Frente a ello, refugiarse en propuestas universalistas obvia una cuestión fundamental: que el universalismo y el individualismo son las dos caras inseparables del proceso de modernización que acabamos de describir. En este sentido, es imprescindible poner en relación los trabajos de Pietro Barcellona con los del antropólogo francés Louis Dumont. Son dos aportaciones que, desde los márgenes de la filosofía, proyectan una luz reveladora sobre la gran tradición filosófica universalista. Dumont argumenta con contundencia que el origen del individualismo moderno occidental está en la potencia con la que el cristianismo acomete su operación más radical: universalizar la relación del individuo con Dios.

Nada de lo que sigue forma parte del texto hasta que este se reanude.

lemma in_orbit_entry_pos:
  assumes o: "in_orbit n r w i j" and q: "q < r"
  shows "w (i ! q) (j ! q) > 0"
proof -
  have "w (i ! q) (j ! q) = card {q'. q' < r \<and> i ! q' = i ! q \<and> j ! q' = j ! q}"
    using o multi_indices_nth[OF _ q] unfolding in_orbit_def by blast
  also have "\<dots> > 0" using q by (subst card_gt_0_iff) auto
  finally show ?thesis .
qed

lemma in_orbit_diag_iff:
  assumes mu: "mu \<in> compositions n r"
  shows "in_orbit n r (diag_mat mu) i j \<longleftrightarrow> i \<in> multi_indices n r \<and> j = i \<and> weight r i = mu"
proof
  assume o: "in_orbit n r (diag_mat mu) i j"
  have i: "i \<in> multi_indices n r" and j: "j \<in> multi_indices n r"
    using in_orbit_multi_indices[OF o] by auto
  have "j ! q = i ! q" if "q < r" for q
    using in_orbit_entry_pos[OF o that] unfolding diag_mat_def by (auto split: if_splits)
  with i j have ji: "j = i" unfolding multi_indices_def by (auto intro: nth_equalityI)
  have "weight r i s = mu s" for s
  proof (cases "s \<in> {1..n}")
    case True
    then have "diag_mat mu s s = card {q. q < r \<and> i ! q = s \<and> j ! q = s}"
      using o unfolding in_orbit_def by blast
    then show ?thesis using ji unfolding diag_mat_def weight_def by simp
  next
    case False
    then show ?thesis using weight_outside[OF i] mu unfolding compositions_def by auto
  qed
  with i ji show "i \<in> multi_indices n r \<and> j = i \<and> weight r i = mu" by auto
next
  assume "i \<in> multi_indices n r \<and> j = i \<and> weight r i = mu"
  then show "in_orbit n r (diag_mat mu) i j"
    unfolding in_orbit_def by (auto simp: diag_mat_def weight_def)
qed
lemma kk_rho:
  assumes "1 \<le> i" "j \<le> n - 2"
  shows "kk m (n - 2) rho i j = kk m n lam i j"
proof -
  have "kk m (n - 1 - 1) rho i j = kk m (n - 1) mu i j"
    by (rule kk_remove_last_col) (use assms in \<open>simp_all add: rho_def b_def\<close>)
  then show ?thesis using kk_mu[of i j] assms by (simp add: numeral_2_eq_2)
qed

lemma kk_nu:
  assumes "1 \<le> i" "j \<le> n - 2"
  shows "kk m (n - 1) nu i j = kk m n lam i j"
proof -
  have "rho l = nu l - kk m (n - 1) nu l (n - 1)" if "1 \<le> l" "l \<le> n - 1" for l
    using c_eq_a[OF that] unfolding rho_def nu_def mu_def c_def by simp
  then have "kk m (n - 1 - 1) rho i j = kk m (n - 1) nu i j"
    by (intro kk_remove_last_col) (use assms in auto)
  then show ?thesis using kk_rho[OF assms] by (simp add: numeral_2_eq_2)
qed

lemma rho_inP: "inP m (n - 2) rho"
  using inP_remove_last_col[OF mu_inP] unfolding rho_def b_def by (simp add: numeral_2_eq_2)

end

theorem lemma4p5:
  fixes n m :: nat and lam :: "nat \<Rightarrow> int"
  assumes "n \<ge> 2" and "m \<ge> 1" and "inP m n lam"
  defines "lam1 \<equiv> (\<lambda>i. lam (i + 1))"
      and "lam2 \<equiv> (\<lambda>i. lam i - kk m n lam i n)"
      and "lam3 \<equiv> (\<lambda>i. (lam i - kk m n lam i n) - kk m n lam i (n - 1))"
      and "lam4 \<equiv> (\<lambda>i. lam i - kk m n lam i (n - 1))"
  shows "inP m (n - 1) lam1 \<and> inP m (n - 1) lam2 \<and> inP m (n - 1) lam4
         \<and> inP m (n - 2) lam3
         \<and> (\<forall>i j. 1 \<le> i \<and> i \<le> j \<and> j \<le> n - 1 \<longrightarrow>
               kk m (n - 1) lam1 i j = kk m n lam (i + 1) (j + 1))
         \<and> (\<forall>i j. 1 \<le> i \<and> i \<le> j \<and> j \<le> n - 1 \<longrightarrow>
               kk m (n - 1) lam2 i j = kk m n lam i j)
         \<and> (\<forall>i j. 1 \<le> i \<and> i \<le> j \<and> j \<le> n - 2 \<longrightarrow>
               kk m (n - 2) lam3 i j = kk m n lam i j)
         \<and> (\<forall>i j. 1 \<le> i \<and> i \<le> j \<and> j \<le> n - 2 \<longrightarrow>
               kk m (n - 2) lam3 i j = kk m (n - 1) lam4 i j)
         \<and> (\<forall>i j. 1 \<le> i \<and> i \<le> j \<and> j \<le> n - 1 \<longrightarrow>
               kk m (n - 1) lam4 i j =
                 (if j = n - 1 then kk m n lam i (j + 1) else kk m n lam i j))"
proof -
  interpret last_two_columns m n lam using assms(1,3) by unfold_locales
  have lam2_mu: "lam2 = mu" unfolding lam2_def by (simp add: fun_eq_iff mu_def a_def)
  have lam3_rho: "lam3 i = rho i" and lam4_nu: "lam4 i = nu i" if "1 \<le> i" for i
    using b_eq[OF that] by (simp_all add: lam3_def lam4_def rho_def nu_def mu_def a_def)
  have kk3: "kk m (n - 2) lam3 i j = kk m n lam i j" if "1 \<le> i" "j \<le> n - 2" for i j
    using kk_cong[of "n - 2" lam3 rho] lam3_rho kk_rho that by simp
  have kk4: "kk m (n - 1) lam4 i j = kk m (n - 1) nu i j" if "1 \<le> i" "j \<le> n - 1" for i j
    using kk_cong[of "n - 1" lam4 nu] lam4_nu that by simp
  have "inP m (n - 2) lam3" using rho_inP inP_cong[of "n - 2" lam3 rho] lam3_rho by simp
  moreover have "inP m (n - 1) lam4" using nu_inP inP_cong[of "n - 1" lam4 nu] lam4_nu by simp
  ultimately show ?thesis
    using inP_drop_first[OF assms(3)] kk_drop_first[where N = n and mu = lam] mu_inP kk_mu
      kk3 kk4 kk_nu kk_nu_last assms(1)
    unfolding lam1_def[symmetric] lam2_mu by auto
qed

end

El cristianismo establece una relación de doble dirección entre lo individual y lo universal: por un lado, todo ser humano pasa a ser considerado un individuo hecho a imagen y semejanza de Dios; por otro lado, la universalidad de la humanidad sólo es pensable desde esta relación individualizada que cada uno mantiene con la divinidad. Dicho de otra manera: el universalismo cristiano depende de la constitución del cristiano como individuo.

Esta relación de cada uno con el todo es la matriz del universalismo moderno y secularizado. En el mundo moderno, la relación de cada individuo con la esfera abstracta del derecho garantiza la articulación de la sociedad. Los trabajos de P. Barcellona[9] sobre la sociedad jurídica moderna complementan esta idea: la subjetividad abstracta del orden jurídico, igualitario y universal, es lo que permite pensar la sociedad asumiendo como premisa una noción de individuo liberado de cualquier vínculo comunitario. ¿Cómo hacerlo si no? ¿Cómo pasar de la desagregación agresiva y terrorífica de los individuos librados a sí mismos a la constitución de una sociedad? El contrato o la asociación de valor universal es la única mediación entre el desorden y el orden, entre la individualidad concreta, sujeta a necesidades y al deseo ilimitado de posesión, y la subjetividad abstracta, depositaría de valores como la igualdad y la universalidad. Es precisamente la abstracción de esta subjetividad, en tanto que depositaría de la igualdad y la universalidad, lo que permite mantener la relación y cooperación concreta de los hombres en términos de indiferencia recíproca. Así, el universalismo jurídico se rige por la reducción de las relaciones interpersonales a relaciones económicas. «Es el universalismo de los comerciantes»[10], dice P. Barcellona de forma clara. Es el modo de estar juntos que necesita el capitalismo para desarrollarse y funcionar. Podríamos añadir: juntos en lo abstracto, diversos y desvinculados en lo concreto. Cuando hoy se contrapone el cosmopolitismo democrático, de carácter jurídico, a la marcha desbocada de la globalización económica, se está olvidando esta relación fundamental entre el universalismo jurídico y la economía monetaria. No son fuerzas antagónicas. Son los poderosos aliados que han llevado el régimen de explotación capitalista a su grado de intensidad actual. Una última cita de Barcellona en este sentido: «El derecho esconde y hace imposible a la sociedad reapropiarse de su poder fundativo, en el sentido de tomar decisiones sobre lo que es común y lo que es divisible (…) Construye la intersubjetividad sobre la base de la relación yo-tú y elimina el nosotros»[11].